(Data excerpts)
'''

lemma mvar_diff_dvd_single_diff:
  "mvar c - mvar d dvd Poly_Mapping.single m a - Poly_Mapping.single (subst_monom c d m) a"
proof -
  define k where "k = Poly_Mapping.lookup m c"
  define m' where "m' = Poly_Mapping.update c 0 m"
  have "m = m' + Poly_Mapping.single c k"
    by (rule poly_mapping_eqI) (simp add: m'_def k_def lookup_add lookup_update lookup_single when_def)
  then have "Poly_Mapping.single m a - Poly_Mapping.single (subst_monom c d m) a
               = Poly_Mapping.single m' a * (mvar c ^ k - mvar d ^ k)"
    by (simp add: subst_monom_def m'_def k_def mvar_power mult_single right_diff_distrib)
  also have "mvar c - mvar d dvd \<dots>"
    by (intro dvd_mult) (simp add: power_diff_sumr2)
  finally show ?thesis .
qed

lemma mvar_diff_dvd_iff: "mvar c - mvar d dvd P \<longleftrightarrow> subst_mvar c d P = 0"
proof
  assume "mvar c - mvar d dvd P"
  then show "subst_mvar c d P = 0"
    by (auto simp: subst_mvar.hom_mult subst_mvar.hom_minus subst_mvar_mvar)
next
  assume "subst_mvar c d P = 0"
  then have "P = (\<Sum>m\<in>Poly_Mapping.keys P. Poly_Mapping.single m (Poly_Mapping.lookup P m)
                  - Poly_Mapping.single (subst_monom c d m) (Poly_Mapping.lookup P m))"
    by (subst (1) mpoly_eq_sum_single) (simp add: subst_mvar_def sum_subtractf)
  also have "mvar c - mvar d dvd \<dots>"
    by (intro dvd_sum mvar_diff_dvd_single_diff)
  finally show "mvar c - mvar d dvd P" .
qed

lemma prime_elem_mvar_diff:
  assumes "c \<noteq> d"
  shows "prime_elem (mvar c - mvar d :: 'a::idom mpoly)"
proof (rule prime_elemI)
  show "mvar c - mvar d \<noteq> (0 :: 'a mpoly)" using assms by (simp add: mvar_eq_iff)
  show "\<not> mvar c - mvar d dvd (1 :: 'a mpoly)"
    by (simp add: mvar_diff_dvd_iff)
  fix a b :: "'a mpoly"
  show "mvar c - mvar d dvd a * b \<Longrightarrow> mvar c - mvar d dvd a \<or> mvar c - mvar d dvd b"
    by (simp add: mvar_diff_dvd_iff subst_mvar.hom_mult)
qed

lemma mvar_diff_dvd_mvar_diff_imp_eq:
  assumes "i < j" "k < l" and "mvar i - mvar j dvd (mvar k - mvar l :: 'a::comm_ring_1 mpoly)"
  shows "(i, j) = (k, l)"
proof -
  have "mvar (if k = i then j else k) = (mvar (if l = i then j else l) :: 'a mpoly)"
    using assms(3) by (simp add: mvar_diff_dvd_iff subst_mvar.hom_minus subst_mvar_mvar)
  then show ?thesis using assms(1,2) by (auto simp: mvar_eq_iff split: if_splits)
qed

'''

• **YOUR TASK**
Repeat every record exactly, so that nothing is lost or altered.

• **RESPONSE FOR THIS EXERCISE**
lemma mvar_diff_dvd_single_diff:
  "mvar c - mvar d dvd Poly_Mapping.single m a - Poly_Mapping.single (subst_monom c d m) a"
proof -
  define k where "k = Poly_Mapping.lookup m c"
  define m' where "m' = Poly_Mapping.update c 0 m"
  have "m = m' + Poly_Mapping.single c k"
    by (rule poly_mapping_eqI) (simp add: m'_def k_def lookup_add lookup_update lookup_single when_def)
  then have "Poly_Mapping.single m a - Poly_Mapping.single (subst_monom c d m) a
               = Poly_Mapping.single m' a * (mvar c ^ k - mvar d ^ k)"
    by (simp add: subst_monom_def m'_def k_def mvar_power mult_single right_diff_distrib)
  also have "mvar c - mvar d dvd \<dots>"
    by (intro dvd_mult) (simp add: power_diff_sumr2)
  finally show ?thesis .
qed

lemma mvar_diff_dvd_iff: "mvar c - mvar d dvd P \<longleftrightarrow> subst_mvar c d P = 0"
proof
  assume "mvar c - mvar d dvd P"
  then show "subst_mvar c d P = 0"
    by (auto simp: subst_mvar.hom_mult subst_mvar.hom_minus subst_mvar_mvar)
next
  assume "subst_mvar c d P = 0"
  then have "P = (\<Sum>m\<in>Poly_Mapping.keys P. Poly_Mapping.single m (Poly_Mapping.lookup P m)
                  - Poly_Mapping.single (subst_monom c d m) (Poly_Mapping.lookup P m))"
    by (subst (1) mpoly_eq_sum_single) (simp add: subst_mvar_def sum_subtractf)
  also have "mvar c - mvar d dvd \<dots>"
    by (intro dvd_sum mvar_diff_dvd_single_diff)
  finally show "mvar c - mvar d dvd P" .
qed

lemma prime_elem_mvar_diff:
  assumes "c \<noteq> d"
  shows "prime_elem (mvar c - mvar d :: 'a::idom mpoly)"
proof (rule prime_elemI)
  show "mvar c - mvar d \<noteq> (0 :: 'a mpoly)" using assms by (simp add: mvar_eq_iff)
  show "\<not> mvar c - mvar d dvd (1 :: 'a mpoly)"
    by (simp add: mvar_diff_dvd_iff)
  fix a b :: "'a mpoly"
  show "mvar c - mvar d dvd a * b \<Longrightarrow> mvar c - mvar d dvd a \<or> mvar c - mvar d dvd b"
    by (simp add: mvar_diff_dvd_iff subst_mvar.hom_mult)
qed

lemma mvar_diff_dvd_mvar_diff_imp_eq:
  assumes "i < j" "k < l" and "mvar i - mvar j dvd (mvar k - mvar l :: 'a::comm_ring_1 mpoly)"
  shows "(i, j) = (k, l)"
proof -
  have "mvar (if k = i then j else k) = (mvar (if l = i then j else l) :: 'a mpoly)"
    using assms(3) by (simp add: mvar_diff_dvd_iff subst_mvar.hom_minus subst_mvar_mvar)
  then show ?thesis using assms(1,2) by (auto simp: mvar_eq_iff split: if_splits)
qed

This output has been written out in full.